Records Start Marker

(* There exist $K$-algebras which are elementwise locally unit-regular but not locally unit-regular.
   Context: $K$ is a field; algebras are associative, not necessarily unital. A unital ring $S$ is unit-regular if for each $x\in S$ there is a unit $u$ of $S$ with $xux = x$. A $K$-algebra $R$ is locally unit-regular if every finite subset of $R$ is contained in a $K$-subalgebra of $R$ that has its own identity element and is unit-regular. A ring $R$ is elementwise locally unit-regular if for each $x \in R$ there exist an idempotent $e \in R$ and a unit $u$ of the corner ring $eRe$ (with identity $e$) such that $x \in eRe$ and $xux = x$. *)

theory Defs
  imports Main
begin

text \<open>A (not necessarily unital, associative) algebra over a field 'k, given on an
explicit carrier set.\<close>

record ('k, 'a) kalg =
  carr :: "'a set"
  add  :: "'a \<Rightarrow> 'a \<Rightarrow> 'a"
  mul  :: "'a \<Rightarrow> 'a \<Rightarrow> 'a"
  zer  :: "'a"
  smul :: "'k \<Rightarrow> 'a \<Rightarrow> 'a"

definition is_kalgebra :: "('k::field, 'a) kalg \<Rightarrow> bool" where
  "is_kalgebra A \<longleftrightarrow>
     zer A \<in> carr A \<and>
     (\<forall>x\<in>carr A. \<forall>y\<in>carr A. add A x y \<in> carr A \<and> mul A x y \<in> carr A) \<and>
     (\<forall>c. \<forall>x\<in>carr A. smul A c x \<in> carr A) \<and>
     (\<forall>x\<in>carr A. \<forall>y\<in>carr A. \<forall>z\<in>carr A. add A (add A x y) z = add A x (add A y z)) \<and>
     (\<forall>x\<in>carr A. \<forall>y\<in>carr A. add A x y = add A y x) \<and>
     (\<forall>x\<in>carr A. add A (zer A) x = x) \<and>
     (\<forall>x\<in>carr A. \<exists>y\<in>carr A. add A x y = zer A) \<and>
     (\<forall>x\<in>carr A. \<forall>y\<in>carr A. \<forall>z\<in>carr A. mul A (mul A x y) z = mul A x (mul A y z)) \<and>
     (\<forall>x\<in>carr A. \<forall>y\<in>carr A. \<forall>z\<in>carr A.
        mul A x (add A y z) = add A (mul A x y) (mul A x z) \<and>
        mul A (add A x y) z = add A (mul A x z) (mul A y z)) \<and>
     (\<forall>a b. \<forall>x\<in>carr A. smul A (a + b) x = add A (smul A a x) (smul A b x)) \<and>
     (\<forall>a. \<forall>x\<in>carr A. \<forall>y\<in>carr A. smul A a (add A x y) = add A (smul A a x) (smul A a y)) \<and>
     (\<forall>a b. \<forall>x\<in>carr A. smul A (a * b) x = smul A a (smul A b x)) \<and>
     (\<forall>x\<in>carr A. smul A 1 x = x) \<and>
     (\<forall>a. \<forall>x\<in>carr A. \<forall>y\<in>carr A.
        smul A a (mul A x y) = mul A (smul A a x) y \<and>
        smul A a (mul A x y) = mul A x (smul A a y))"

text \<open>K-subalgebra: a subset containing 0 and closed under the operations
(additive inverses are scalar multiples by -1).\<close>
definition is_subalgebra :: "('k::field, 'a) kalg \<Rightarrow> 'a set \<Rightarrow> bool" where
  "is_subalgebra A S \<longleftrightarrow> S \<subseteq> carr A \<and> zer A \<in> S \<and>
     (\<forall>x\<in>S. \<forall>y\<in>S. add A x y \<in> S \<and> mul A x y \<in> S) \<and>
     (\<forall>c. \<forall>x\<in>S. smul A c x \<in> S)"

definition is_identity_of :: "('k, 'a) kalg \<Rightarrow> 'a set \<Rightarrow> 'a \<Rightarrow> bool" where
  "is_identity_of A S e \<longleftrightarrow> e \<in> S \<and> (\<forall>x\<in>S. mul A e x = x \<and> mul A x e = x)"

definition is_unit_in :: "('k, 'a) kalg \<Rightarrow> 'a set \<Rightarrow> 'a \<Rightarrow> 'a \<Rightarrow> bool" where
  "is_unit_in A S e u \<longleftrightarrow> u \<in> S \<and> (\<exists>v\<in>S. mul A u v = e \<and> mul A v u = e)"

definition unit_regular_in :: "('k, 'a) kalg \<Rightarrow> 'a set \<Rightarrow> 'a \<Rightarrow> bool" where
  "unit_regular_in A S e \<longleftrightarrow>
     (\<forall>x\<in>S. \<exists>u. is_unit_in A S e u \<and> mul A (mul A x u) x = x)"

definition locally_unit_regular :: "('k::field, 'a) kalg \<Rightarrow> bool" where
  "locally_unit_regular A \<longleftrightarrow>
     (\<forall>F. finite F \<and> F \<subseteq> carr A \<longrightarrow>
        (\<exists>S e. is_subalgebra A S \<and> F \<subseteq> S \<and> is_identity_of A S e \<and> unit_regular_in A S e))"

definition corner :: "('k, 'a) kalg \<Rightarrow> 'a \<Rightarrow> 'a set" where
  "corner A e = {mul A e (mul A r e) | r. r \<in> carr A}"

definition elementwise_locally_unit_regular :: "('k, 'a) kalg \<Rightarrow> bool" where
  "elementwise_locally_unit_regular A \<longleftrightarrow>
     (\<forall>x\<in>carr A. \<exists>e\<in>carr A. mul A e e = e \<and> x \<in> corner A e \<and>
        (\<exists>u. is_unit_in A (corner A e) e u \<and> mul A (mul A x u) x = x))"

end

theory Submission
  imports Defs "HOL.Vector_Spaces" "HOL-Library.Poly_Mapping" "HOL-Library.Countable_Set"
begin

(* Split the index set of V = K^(N) into countably many infinite blocks (via prod_decode) and
   let V_n be spanned by the first n blocks.  The algebra is the union of the corners End(V_n)
   of End(V), each linear map being represented by its matrix.

   Every element is unit-regular in a corner: an endomorphism f of V_n, viewed in End(V_(n+1)),
   has a kernel and a complement of its image that are both of countably infinite dimension
   (block n contributes to both).  So a basis of the image, lifted through f, together with a
   bijection between the remaining basis vectors, gives an automorphism u of V_(n+1) with
   f u f = f.

   Local unit-regularity fails because unit-regular rings are directly finite: with s, t the
   right and left shifts on block 0, so that t s = q is the projection onto block 0 but s t <> q,
   a unital subalgebra with identity e containing s and t contains t + (e - q), whose right
   inverse s + (e - q) is not a left inverse. *)

lemma (in vector_space) independent_Un:
  assumes A: "independent A" and B: "independent B" and disj: "span A \<inter> span B \<subseteq> {0}"
  shows "independent (A \<union> B)"
proof
  assume "dependent (A \<union> B)"
  then obtain a where a: "a \<in> A \<union> B" "a \<in> span ((A - {a}) \<union> (B - {a}))"
    unfolding dependent_def by (auto simp: Un_Diff)
  then obtain x y where xy: "a = x + y" "x \<in> span (A - {a})" "y \<in> span (B - {a})"
    unfolding span_Un by blast
  have x: "x \<in> span A" and y: "y \<in> span B"
    using xy(2,3) span_mono[of "A - {a}" A] span_mono[of "B - {a}" B] by auto
  show False
  proof (cases "a \<in> A")
    case True
    then have "y \<in> span A"
      using x xy(1) span_diff[OF span_base[OF True] x] by simp
    with y disj have "y = 0" by blast
    with xy True A show False unfolding dependent_def by auto
  next
    case False
    with a have "a \<in> B" by blast
    then have "x \<in> span B"
      using y xy(1) span_diff[OF span_base[of a B] y] by simp
    with x disj have "x = 0" by blast
    with xy \<open>a \<in> B\<close> B show False unfolding dependent_def by auto
  qed
qed

lemma bij_betw_countably_infinite:
  assumes "countable A" "infinite A" "countable B" "infinite B"
  obtains h where "bij_betw h A B"
proof -
  obtain eA :: "_ \<Rightarrow> nat" where "bij_betw eA A UNIV" using assms(1,2) by (rule countableE_infinite)
  moreover obtain eB :: "_ \<Rightarrow> nat" where "bij_betw eB B UNIV" using assms(3,4) by (rule countableE_infinite)
  ultimately show ?thesis using that bij_betw_trans bij_betw_inv_into by blast
qed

Records End Marker

__Work order__. Display each line of the data where "lemma" occurs.

__Answer space__.
lemma (in vector_space) independent_Un:
lemma bij_betw_countably_infinite:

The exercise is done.